The following map from “Hampstead Heath – It’s Geology And Natural History” by the Hampstead Scientific Society published in 1913 shows the area covered by the Bagshot Sands.

Chalybeate Well 13

Hampstead and the heath can therefore be considered as a sandy peak sitting on top of a layer of thick clay.

It is this geology which gives rise to the large number of springs which can be found across the heath. Rainwater can easily pass through the layers of sand before reaching the layer of London Clay which presents a barrier. Water then runs horizontally along the boundary between the sand and clay to come back out from the ground in the form of a spring at the point lower down the heath where the sand layer stops.

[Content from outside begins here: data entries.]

lemma is_dist_Max_bounds:
  assumes "finite V" "is_dist V P"
  shows "0 \<le> Max (P ` V)" "Max (P ` V) \<le> 1"
proof -
  obtain m where m: "m \<in> V" "Max (P ` V) = P m"
    using Max_in[of "P ` V"] assms is_dist_nonempty by fastforce
  then show "0 \<le> Max (P ` V)" "Max (P ` V) \<le> 1"
    using assms is_dist_sum_nonneg[of V P "{m}"] is_dist_sum_le_one[of V P "{m}"] by simp_all
qed

lemma excess_mass_le_Sup_dkl:
  assumes "finite V" "is_dist V P" "is_dist V \<pi>" "A \<subseteq> V"
  shows "sum \<pi> A - sum P A \<le>
    Sup {l. 0 \<le> l \<and> l \<le> 1 \<and> dkl l (1 - Max (P ` V)) \<le> KL V \<pi> P}"
    (is "_ \<le> Sup ?S")
proof -
  define q where "q = 1 - Max (P ` V)"
  have bdd: "bdd_above ?S" by (rule bdd_aboveI[of _ 1]) auto
  have "q \<in> ?S"
    using is_dist_Max_bounds[OF assms(1,2)] KL_nonneg[OF assms(1-3)] by (simp add: q_def dkl_self)
  then have q_le: "q \<le> Sup ?S" using bdd by (rule cSup_upper)
  have \<pi>A: "0 \<le> sum \<pi> A" "sum \<pi> A \<le> 1" and PA: "0 \<le> sum P A"
    using assms by (simp_all add: is_dist_sum_nonneg is_dist_sum_le_one)
  consider "sum \<pi> A - sum P A \<le> q" | "sum P A \<le> q" "q < sum \<pi> A"
    using is_dist_Max_le_sum_or_sum_le_one_minus_Max[OF assms(1,2,4)] \<pi>A PA
    unfolding q_def by linarith
  then show ?thesis
  proof cases
    case 1
    then show ?thesis using q_le by simp
  next
    case 2
    then have "dkl (sum \<pi> A) q \<le> dkl (sum \<pi> A) (sum P A)"
      using PA \<pi>A by (intro dkl_antimono_right) auto
    also have "\<dots> \<le> KL V \<pi> P" using assms by (rule dkl_le_KL)
    finally have "sum \<pi> A \<in> ?S" using \<pi>A by (simp add: q_def)
    then have "sum \<pi> A \<le> Sup ?S" using bdd by (rule cSup_upper)
    then show ?thesis using PA by simp
  qed
qed

lemma dkl_le_small_right_imp_le:
  assumes "0 \<le> a" "a \<le> 1" "0 \<le> b" "b \<le> 1" "b < exp (- (C + 1) / \<epsilon>)" "0 < \<epsilon>"
    and "dkl a b \<le> ereal C"
  shows "a \<le> \<epsilon>"
proof (rule ccontr)
  assume "\<not> a \<le> \<epsilon>"
  then have "\<epsilon> < a" by simp
  show False
  proof (cases "b = 0")
    case True
    then show False
      using assms \<open>\<epsilon> < a\<close> xlogxy_neq_minf[of "1 - a" 1] by (simp add: dkl_def xlogxy_zero_right)
  next
    case False
    then have "0 < b" using assms by simp
    have "ln b < - (C + 1) / \<epsilon>"
      using assms \<open>0 < b\<close> ln_less_cancel_iff[of b "exp (- (C + 1) / \<epsilon>)"] by simp
    then have "C + 1 < \<epsilon> * ln (1 / b)"
      using \<open>0 < b\<close> assms by (simp add: ln_div field_simps)
    also have "\<dots> \<le> a * ln (1 / b)"
      using \<open>\<epsilon> < a\<close> \<open>0 < b\<close> \<open>b \<le> 1\<close> by (intro mult_right_mono) simp_all
    finally have "ereal C < ereal (a * ln (1 / b) - 1)" by simp
    also have "\<dots> \<le> dkl a b"
      using assms \<open>0 < b\<close> by (intro dkl_ge_mult_ln_inverse) auto
    finally show False using assms by simp
  qed
qed

lemma excess_mass_uniformly_small:
  assumes "finite V" "0 < \<epsilon>"
  shows "\<exists>\<eta>>0. \<forall>Q \<rho> A. is_dist V Q \<and> 1 - Max (Q ` V) < \<eta> \<and> is_dist V \<rho> \<and>
            KL V \<rho> Q \<le> ereal C \<and> A \<subseteq> V \<longrightarrow> sum \<rho> A - sum Q A \<le> \<epsilon>"
proof -
  define \<eta> where "\<eta> = min \<epsilon> (exp (- (C + 1) / \<epsilon>))"
  have \<eta>: "0 < \<eta>" "\<eta> \<le> \<epsilon>" "\<eta> \<le> exp (- (C + 1) / \<epsilon>)"
    using assms by (simp_all add: \<eta>_def)
  have "sum \<rho> A - sum Q A \<le> \<epsilon>"
    if Q: "is_dist V Q" and q: "1 - Max (Q ` V) < \<eta>" and \<rho>: "is_dist V \<rho>"
      and KL: "KL V \<rho> Q \<le> ereal C" and A: "A \<subseteq> V" for Q \<rho> A
  proof -
    have \<rho>A: "0 \<le> sum \<rho> A" "sum \<rho> A \<le> 1" and QA: "0 \<le> sum Q A" "sum Q A \<le> 1"
      using assms(1) Q \<rho> A by (simp_all add: is_dist_sum_nonneg is_dist_sum_le_one)
    show ?thesis
      using is_dist_Max_le_sum_or_sum_le_one_minus_Max[OF assms(1) Q A]
    proof
      assume "Max (Q ` V) \<le> sum Q A"
      then show ?thesis using \<rho>A q \<eta> by linarith
    next
      assume "sum Q A \<le> 1 - Max (Q ` V)"
      then have "sum Q A < exp (- (C + 1) / \<epsilon>)" using q \<eta> by linarith
      moreover have "dkl (sum \<rho> A) (sum Q A) \<le> ereal C"
        using dkl_le_KL[OF assms(1) Q \<rho> A] KL by (rule order_trans)
      ultimately have "sum \<rho> A \<le> \<epsilon>"
        by (rule dkl_le_small_right_imp_le[OF \<rho>A QA _ assms(2)])
      then show ?thesis using QA by simp
    qed
  qed
  then show ?thesis using \<open>0 < \<eta>\<close> by blast
qed
lemma tail_sum_bound:
  fixes F :: "real \<Rightarrow> real" and K d :: real
  assumes F1: "\<And>s. F s \<le> 1" and K: "K > 0"
    and lim: "((\<lambda>s. F s * s powr d) \<longlongrightarrow> K) at_top"
  obtains C :: nat where "\<And>N. (\<Sum>k<N. F (real k)) \<le> real C + 2*K*(\<Sum>k<N. real k powr (-d))"
proof -
  have "eventually (\<lambda>s. F s * s powr d < 2*K) at_top" using order_tendstoD(2)[OF lim] K by auto
  then obtain S0 where S0: "\<And>s. s \<ge> S0 \<Longrightarrow> F s * s powr d < 2*K"
    by (auto simp: eventually_at_top_linorder)
  define C where "C = nat \<lceil>max S0 1\<rceil>"
  have Fk: "F (real k) \<le> (if k < C then 1 else 0) + 2*K*real k powr (-d)" for k
  proof (cases "k < C")
    case True
    then show ?thesis using F1[of k] K by (simp add: add_increasing2)
  next
    case False
    then have k: "real k \<ge> S0" "real k > 0" unfolding C_def by linarith+
    then have "F k < 2*K / real k powr d" using S0 by (simp add: field_simps)
    then show ?thesis using False by (simp add: powr_minus_divide)
  qed
  have "(\<Sum>k<N. F (real k)) \<le> real C + 2*K*(\<Sum>k<N. real k powr (-d))" for N
  proof -
    have "(\<Sum>k<N. F (real k)) \<le> (\<Sum>k<N. (if k < C then 1 else 0) + 2*K*real k powr (-d))"
      by (intro sum_mono Fk)
    also have "\<dots> = real (card {k. k < N \<and> k < C}) + 2*K*(\<Sum>k<N. real k powr (-d))"
      by (simp add: sum.distrib sum_distrib_left sum.If_cases Int_def)
    also have "\<dots> \<le> real C + 2*K*(\<Sum>k<N. real k powr (-d))"
      using card_mono[of "{..<C}" "{k. k < N \<and> k < C}"] by auto
    finally show ?thesis .
  qed
  then show ?thesis by (rule that)
qed

lemma mono_bounded_tendsto:
  fixes P :: "real \<Rightarrow> real"
  assumes mono: "mono P" and bnd: "\<And>s. P s \<le> C"
  shows "(P \<longlongrightarrow> (SUP s. P s)) at_top"
proof (rule order_tendstoI)
  have bdd: "bdd_above (range P)" using bnd by (intro bdd_aboveI2) auto
  fix a assume "a < (SUP s. P s)"
  then obtain x where "a < P x" using less_cSUP_iff[OF _ bdd] by auto
  then show "eventually (\<lambda>s. a < P s) at_top"
    unfolding eventually_at_top_linorder using mono
    by (intro exI[of _ x]) (auto intro: less_le_trans dest: monoD)
next
  have bdd: "bdd_above (range P)" using bnd by (intro bdd_aboveI2) auto
  fix b assume "(SUP s. P s) < b"
  then show "eventually (\<lambda>s. P s < b) at_top"
    using cSUP_upper[OF _ bdd] by (intro always_eventually allI) (auto intro: le_less_trans)
qed

lemma power_tail_tendsto_0:
  fixes F :: "real \<Rightarrow> real"
  assumes lim: "((\<lambda>s. F s * s powr d) \<longlongrightarrow> K) at_top" and d: "d > 0"
  shows "(F \<longlongrightarrow> 0) at_top"
proof -
  have "((\<lambda>s. (F s * s powr d) * s powr (-d)) \<longlongrightarrow> K * 0) at_top"
    using d by (intro tendsto_mult lim tendsto_neg_powr filterlim_ident) auto
  moreover have "eventually (\<lambda>s. (F s * s powr d) * s powr (-d) = F s) at_top"
    using eventually_gt_at_top[of 0] by eventually_elim (simp add: powr_minus field_simps)
  ultimately show ?thesis by (simp add: tendsto_cong)
qed

section \<open>The regime \<open>d > 1\<close>: bounded long-term power\<close>

lemma bounded_power_converges:
  fixes F P :: "real \<Rightarrow> real" and K d :: real
  assumes F1: "\<And>s. F s \<le> 1" and mono: "mono P"
    and upper: "\<And>s. s \<ge> 0 \<Longrightarrow> P s \<le> (\<Sum>k<nat \<lceil>s\<rceil>. F (real k))"
    and K: "K > 0" and d: "d > 1"
    and lim: "((\<lambda>s. F s * s powr d) \<longlongrightarrow> K) at_top"
  shows "\<exists>Pth. (P \<longlongrightarrow> Pth) at_top"
proof -
  obtain C :: nat where C: "\<And>N. (\<Sum>k<N. F (real k)) \<le> real C + 2*K*(\<Sum>k<N. real k powr (-d))"
    using tail_sum_bound[OF F1 K lim] by blast
  have summ: "summable (\<lambda>k. real k powr (-d))" using d by (simp add: summable_real_powr_iff)
  have "P s \<le> real C + 2*K * (\<Sum>k. real k powr (-d))" for s
  proof -
    have "P s \<le> P (max s 0)" by (rule monoD[OF mono]) simp
    also have "\<dots> \<le> real C + 2*K*(\<Sum>k<nat \<lceil>max s 0\<rceil>. real k powr (-d))"
      using upper[of "max s 0"] C[of "nat \<lceil>max s 0\<rceil>"] by simp
    also have "\<dots> \<le> real C + 2*K * (\<Sum>k. real k powr (-d))"
      using K by (intro add_left_mono mult_left_mono sum_le_suminf summ) auto
    finally show ?thesis .
  qed
  then show ?thesis by (blast intro: mono_bounded_tendsto[OF mono])
qed
lemma unlinked_nonadjacent:
  assumes "(a, b) \<notin> (link_edges G v)\<^sup>*" "a \<in> nbhd G v" "b \<in> nbhd G v" "u \<in> nbhd G v"
    and "u = a \<or> (a, u) \<in> edges G"
  shows "(u, b) \<notin> edges G \<and> u \<noteq> b"
proof -
  have "(a, u) \<in> (link_edges G v)\<^sup>*"
    using assms(2,4,5) by (auto simp: link_edges_def)
  then show ?thesis
    using assms(1,3,4) rtrancl_into_rtrancl[of a u "link_edges G v" b]
    by (auto simp: link_edges_def)
qed

lemma bad_verts_unlinked_nbrs:
  assumes G: "wf_graph G" and "J \<subseteq> bad_verts G" and x: "\<And>v. v \<in> J \<Longrightarrow> x v \<in> nbhd G v"
  obtains w where "\<And>v. v \<in> J \<Longrightarrow> w v \<in> nbhd G v \<and> (x v, w v) \<notin> (link_edges G v)\<^sup>*"
proof -
  have "\<forall>v\<in>J. \<exists>w. w \<in> nbhd G v \<and> (x v, w) \<notin> (link_edges G v)\<^sup>*"
  proof
    fix v assume "v \<in> J"
    then obtain a b where "a \<in> nbhd G v" "b \<in> nbhd G v" "(a, b) \<notin> (link_edges G v)\<^sup>*"
      using assms(2) bad_verts_iff[OF G] by blast
    then show "\<exists>w. w \<in> nbhd G v \<and> (x v, w) \<notin> (link_edges G v)\<^sup>*"
      using link_rtrancl_sym[OF G] rtrancl_trans by metis
  qed
  then show ?thesis
    using that by (elim bchoice[elim_format]) blast
qed

lemma bad_verts_nonadjacent_nbr_pairs:
  assumes G: "wf_graph G" and "I \<subseteq> bad_verts G"
  obtains a b where
    "\<And>v. v \<in> I \<Longrightarrow> a v \<in> nbhd G v \<and> b v \<in> nbhd G v \<and> (a v, b v) \<notin> edges G \<and> a v \<noteq> b v"
proof -
  have "\<forall>v\<in>I. \<exists>a. a \<in> nbhd G v"
    using assms(2) bad_verts_iff[OF G] by blast
  then obtain a where a: "\<And>v. v \<in> I \<Longrightarrow> a v \<in> nbhd G v"
    by (elim bchoice[elim_format]) blast
  obtain b where b: "\<And>v. v \<in> I \<Longrightarrow> b v \<in> nbhd G v \<and> (a v, b v) \<notin> (link_edges G v)\<^sup>*"
    using bad_verts_unlinked_nbrs[OF G assms(2) a] by blast
  have "(a v, b v) \<notin> edges G \<and> a v \<noteq> b v" if "v \<in> I" for v
    using unlinked_nonadjacent[of "a v" "b v" G v "a v"] a[OF that] b[OF that] by blast
  then show ?thesis
    using that a b by blast
qed

lemma bad_vertI:
  assumes G: "wf_graph G" and "v \<in> verts G" "a \<in> nbhd G v" "b \<in> nbhd G v" "a \<noteq> b"
    and pendant: "\<forall>u\<in>nbhd G v. (a, u) \<notin> edges G"
  shows "v \<in> bad_verts G"
proof -
  have "(a, b) \<notin> (link_edges G v)\<^sup>*"
  proof
    assume "(a, b) \<in> (link_edges G v)\<^sup>*"
    then show False
      using \<open>a \<noteq> b\<close> pendant by (cases rule: converse_rtranclE) (auto simp: link_edges_def)
  qed
  then show ?thesis
    using bad_verts_iff[OF G] assms(2-4) by blast
qed

lemma mk_graph_bad_vertI:
  assumes "finite V" "v \<in> V" "a \<in> V" "b \<in> V" "a \<noteq> v" "b \<noteq> v" "a \<noteq> b"
    and "P v a \<or> P a v" "P v b \<or> P b v"
    and "\<And>u. u \<in> V \<Longrightarrow> u \<noteq> a \<Longrightarrow> u \<noteq> v \<Longrightarrow> P a u \<or> P u a \<Longrightarrow> \<not> (P v u \<or> P u v)"
  shows "v \<in> bad_verts (mk_graph V P)"
  by (rule bad_vertI[where a = a and b = b]) (use assms in \<open>auto simp: wf_graph_mk_graph nbhd_def\<close>)

section \<open>Homogeneous sequences\<close>

lemma ramsey_homogeneous_sequence:
  fixes k :: nat
  obtains N where "\<And>(S :: 'a set) (col :: 'a \<Rightarrow> 'a \<Rightarrow> 'c::finite). finite S \<Longrightarrow> N \<le> card S \<Longrightarrow>
    \<exists>s c. inj_on s {..<k} \<and> s ` {..<k} \<subseteq> S \<and> (\<forall>i j. i < j \<longrightarrow> j < k \<longrightarrow> col (s i) (s j) = c)"
proof -
  obtain N :: nat where N: "partn_lst {..<N} (replicate (card (UNIV :: 'c set)) k) 2"
    using ramsey_full by blast
  obtain g :: "'c \<Rightarrow> nat" where g: "bij_betw g UNIV {0..<card (UNIV :: 'c set)}"
    using ex_bij_betw_finite_nat finite_UNIV by blast
  have "\<exists>s c. inj_on s {..<k} \<and> s ` {..<k} \<subseteq> S \<and> (\<forall>i j. i < j \<longrightarrow> j < k \<longrightarrow> col (s i) (s j) = c)"
    if S: "finite S" "N \<le> card S" for S :: "'a set" and col :: "'a \<Rightarrow> 'a \<Rightarrow> 'c"
  proof -
    obtain e where e: "bij_betw e {0..<card S} S"
      using ex_bij_betw_nat_finite S(1) by blast
    define f where "f A = g (col (e (Min A)) (e (Max A)))" for A
    have "f \<in> nsets {..<N} 2 \<rightarrow> {..<length (replicate (card (UNIV :: 'c set)) k)}"
      using g by (auto simp: f_def bij_betw_def)
    then obtain i H where H: "H \<in> nsets {..<N} k" and hom: "f ` nsets H 2 \<subseteq> {i}"
      using partn_lstE[OF N] by (metis length_replicate nth_replicate)
    then have "finite H" "card H = k" "H \<subseteq> {..<N}"
      by (auto simp: nsets_def)
    then obtain h where h: "bij_betw h {..<k} H" "strict_mono_on {..<k} h"
      using ex_bij_betw_strict_mono_card by metis
    have "g (col (e (h a)) (e (h b))) = i" if "a < b" "b < k" for a b
    proof -
      have "h a < h b"
        using h(2) that by (simp add: strict_mono_on_def)
      then have "{h a, h b} \<in> nsets H 2"
        using h(1) that \<open>h a < h b\<close> by (auto simp: nsets_def bij_betw_def)
      then have "f {h a, h b} = i"
        using hom by blast
      with \<open>h a < h b\<close> show ?thesis
        by (simp add: f_def)
    qed
    then have "col (e (h a)) (e (h b)) = inv g i" if "a < b" "b < k" for a b
      using g that by (metis bij_betw_imp_inj_on inv_f_f)
    moreover have "h ` {..<k} \<subseteq> {0..<card S}"
      using h(1) \<open>H \<subseteq> {..<N}\<close> S(2) by (auto simp: bij_betw_def)
    then have "inj_on (e \<circ> h) {..<k}" "(e \<circ> h) ` {..<k} \<subseteq> S"
      using e h(1) by (auto simp: bij_betw_def intro: comp_inj_on inj_on_subset)
    ultimately show ?thesis
      by (intro exI[of _ "e \<circ> h"] exI[of _ "inv g i"]) auto
  qed
  then show ?thesis
    using that by blast
qed

lemma homogeneous_edges_sym:
  fixes i j k :: nat
  assumes G: "wf_graph G" and hom: "\<And>i j. i < j \<Longrightarrow> j < k \<Longrightarrow> (x i, x j) \<in> edges G \<longleftrightarrow> \<beta>"
    and "i < k" "j < k" "i \<noteq> j"
  shows "(x i, x j) \<in> edges G \<longleftrightarrow> \<beta>"
proof (cases "i < j")
  case True
  then show ?thesis
    using hom assms(4) by blast
next
  case False
  then have "j < i"
    using assms(5) by simp
  then show ?thesis
    using hom[of j i] assms(3) wf_graph_edge_sym[OF G] by blast
qed

section \<open>Many bad vertices force an obstruction\<close>

definition unavoidable_graphs :: "nat \<Rightarrow> nat graph set" where
  "unavoidable_graphs n = {Kstar n, nP3 n, K1nstar n, K2n n, CK n}"
lemma rename_App:
  fixes ord :: "'v \<Rightarrow> nat"
  assumes IH1: "\<And>\<rho> \<psi> (A :: 'v set). beta_normal P1 \<Longrightarrow> has_type ord \<Omega> P1 \<psi> \<Longrightarrow>
      \<forall>v\<in>fv P1. \<Omega> (\<rho> v) = \<Omega> v \<Longrightarrow> monotone_on (fv P1) (ord_le ord) (ord_le ord) \<rho> \<Longrightarrow> finite A \<Longrightarrow>
      \<exists>R. beta_normal R \<and> has_type ord \<Omega> R \<psi> \<and> fv R = \<rho> ` fv P1 \<and> var_conv R \<and>
          set (bvs R) \<inter> A = {} \<and> (is_Lam R \<longrightarrow> is_Lam P1)"
    and IH2: "\<And>\<rho> \<psi> (A :: 'v set). beta_normal P2 \<Longrightarrow> has_type ord \<Omega> P2 \<psi> \<Longrightarrow>
      \<forall>v\<in>fv P2. \<Omega> (\<rho> v) = \<Omega> v \<Longrightarrow> monotone_on (fv P2) (ord_le ord) (ord_le ord) \<rho> \<Longrightarrow> finite A \<Longrightarrow>
      \<exists>R. beta_normal R \<and> has_type ord \<Omega> R \<psi> \<and> fv R = \<rho> ` fv P2 \<and> var_conv R \<and>
          set (bvs R) \<inter> A = {} \<and> (is_Lam R \<longrightarrow> is_Lam P2)"
    and "beta_normal (App P1 P2)" "has_type ord \<Omega> (App P1 P2) \<psi>"
    and \<Omega>_\<rho>: "\<forall>v\<in>fv (App P1 P2). \<Omega> (\<rho> v) = \<Omega> v"
    and mono: "monotone_on (fv (App P1 P2)) (ord_le ord) (ord_le ord) \<rho>"
    and "finite A"
  shows "\<exists>R. beta_normal R \<and> has_type ord \<Omega> R \<psi> \<and> fv R = \<rho> ` fv (App P1 P2) \<and> var_conv R \<and>
           set (bvs R) \<inter> A = {} \<and> \<not> is_Lam R"
proof -
  obtain \<chi> where P1: "has_type ord \<Omega> P1 (Imp \<chi> \<psi>)" and P2: "has_type ord \<Omega> P2 \<chi>"
    and hrm: "HRM ord (App P1 P2)"
    using assms(4) by (auto elim: has_type_AppE)
  define F where "F = \<rho> ` fv (App P1 P2)"
  have "finite (A \<union> F)" unfolding F_def by (simp add: finite_fv \<open>finite A\<close>)
  then obtain R1 where R1: "beta_normal R1" "has_type ord \<Omega> R1 (Imp \<chi> \<psi>)" "fv R1 = \<rho> ` fv P1"
    "var_conv R1" "set (bvs R1) \<inter> (A \<union> F) = {}" "\<not> is_Lam R1"
    using IH1[OF _ P1, of \<rho> "A \<union> F"] assms(3) \<Omega>_\<rho> monotone_on_subset[OF mono] by auto
  have "finite (A \<union> F \<union> set (bvs R1))" using \<open>finite (A \<union> F)\<close> by simp
  then obtain R2 where R2: "beta_normal R2" "has_type ord \<Omega> R2 \<chi>" "fv R2 = \<rho> ` fv P2"
    "var_conv R2" "set (bvs R2) \<inter> (A \<union> F \<union> set (bvs R1)) = {}"
    using IH2[OF _ P2, of \<rho> "A \<union> F \<union> set (bvs R1)"] assms(3) \<Omega>_\<rho> monotone_on_subset[OF mono] by auto
  have "dominated ord (fv R1) (fv R2)"
    unfolding R1(3) R2(3) using hrm mono by (intro dominated_image) (simp_all add: HRM_App_iff)
  then have "has_type ord \<Omega> (App R1 R2) \<psi>"
    using R1(2) R2(2) by (intro has_type_AppI)
  moreover have "var_conv (App R1 R2)"
    using R1(3-5) R2(3-5) by (auto simp: var_conv_def F_def)
  ultimately show ?thesis
    using R1(1,3,5,6) R2(1,3,5) by (intro exI[of _ "App R1 R2"]) auto
qed
(* Let $\mathbf{k}=\mathbb{R}$ or $\mathbb{C}$, let $(C^\bullet,\partial)$ be a complex of finite-dimensional $\mathbf{k}$-vector spaces of odd length $d=2r-1$ with a chirality operator $\Gamma$, and let $\langle\cdot,\cdot\rangle_j$ be Euclidean (if $\mathbf{k}=\mathbb{R}$) or Hermitian (if $\mathbf{k}=\mathbb{C}$) scalar products on $C^j$, $j=0,\dots,d$, such that $\Gamma$ is self-adjoint. Let $\|\cdot\|_{\operatorname{Det}(H^\bullet(\partial))}$ be the metric on $\operatorname{Det}(H^\bullet(\partial))$ for which $\phi_{C^\bullet}$ is an isometry, where $\operatorname{Det}(C^\bullet)$ carries the metric induced by the scalar products. Then $\|\rho_\Gamma\|_{\operatorname{Det}(H^\bullet(\partial))}=1$.
   Context: Determinant lines: $\operatorname{Det}(V)=\Lambda^{\dim V}V$, $\operatorname{Det}(0)=\mathbf{k}$, $L^{-1}=\operatorname{Hom}(L,\mathbf{k})$, $l^{-1}(l)=1$, $\operatorname{Det}(V^\bullet)=\bigotimes_j\operatorname{Det}(V^j)^{(-1)^j}$; $\mu_{V_1,\dots,V_r}$ is the fusion isomorphism given by concatenating wedges. The isomorphism $\phi_{C^\bullet}:\operatorname{Det}(C^\bullet)\to\operatorname{Det}(H^\bullet(\partial))$: choose $C^j=B^j\oplus H^j\oplus A^j$ with $B^j\oplus H^j=\operatorname{Ker}\partial\cap C^j$, $B^j=\partial(A^{j-1})=\partial(C^{j-1})$, $A^{-1}=A^d=0$; for nonzero $c_j\in\operatorname{Det}(C^j)$, $a_j\in\operatorname{Det}(A^j)$ ($a_{-1}=1$), $h_j\in\operatorname{Det}(H^j)\cong\operatorname{Det}(H^j(\partial))$ is unique with $c_j=\mu_{B^j,H^j,A^j}(\partial(a_{j-1})\otimes h_j\otimes a_j)$; $\phi_{C^\bullet}(c_0\otimes c_1^{-1}\otimes\cdots\otimes c_d^{(-1)^d})=(-1)^{\mathcal N}h_0\otimes h_1^{-1}\otimes\cdots\otimes h_d^{(-1)^d}$, $\mathcal N=\frac12\sum_j\dim A^j(\dim A^j+(-1)^{j+1})$; independent of choices. A chirality operator is an involution $\Gamma:C^\bullet\to C^\bullet$ with $\Gamma(C^j)=C^{d-j}$; $\Gamma c_j\in\operatorname{Det}(C^{d-j})$ denotes the image of $c_j\in\operatorname{Det}(C^j)$. For nonzero $c_j\in\operatorname{Det}(C^j)$, $j=0,\dots,r-1$, put $c_\Gamma=(-1)^{\mathcal R(C^\bullet)}c_0\otimes c_1^{-1}\otimes\cdots\otimes c_{r-1}^{(-1)^{r-1}}\otimes(\Gamma c_{r-1})^{(-1)^r}\otimes(\Gamma c_{r-2})^{(-1)^{r-1}}\otimes\cdots\otimes(\Gamma c_0)^{-1}\in\operatorname{Det}(C^\bullet)$, where $\mathcal R(C^\bullet)=\frac12\sum_{j=0}^{r-1}\dim C^j(\dim C^j+(-1)^{r+j})$; $c_\Gamma$ is independent of the $c_j$. The refined torsion is $\rho_\Gamma:=\phi_{C^\bullet}(c_\Gamma)\in\operatorname{Det}(H^\bullet(\partial))$. *)

theory Defs
  imports Complex_Main "Jordan_Normal_Form.Determinant" "Jordan_Normal_Form.Conjugate"
begin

When emerging from the ground, the water carries with it the properties of the sand through which it has passed, and it is these springs and the properties of the water that have been so important in Hampstead’s development.

So what relevance does this brief geological introduction to Hampstead have to this week’s post? Among my father’s photos is this photo of a well taken in 1949:

Chalybeate Well 1

The same well in 2016:

Chalybeate Well 3

This is the Chalybeate Well in Well Walk, Hampstead. In the context of water, the name chalybeate means that the water contains iron.

The springs of Hampstead have a long history of providing supplies of water for the rest of London. Conduits were built to channel water from the springs along the heath to the centre of the city. During the search for sources of water, the chalybeate springs must have also been found, and whilst not suitable for drinking water, the high iron content gave rise to the believe that the water had medicinal properties.

On the 20th December 1698 the infant Earl of Gainsborough and his guardian and mother, the Countess of Gainsborough gave six acres of land in the region of the Chalybeate Well, to be used to benefit the poor of Hampstead. The deed that transferred the land refers to “the Wells lately made there for medicinal waters”. The transfer was to a charity managed by 14 trustees.

This gift of land is recorded on the plaque on the Chalybeate Well:

Chalybeate Well 5

The land in this area of Hampstead was poor quality and rather boggy due to the number of springs. Despite the gift of the land, there was little from the land that would benefit the poor of Hampstead, apart from the springs and it is these that the trustees started to develop.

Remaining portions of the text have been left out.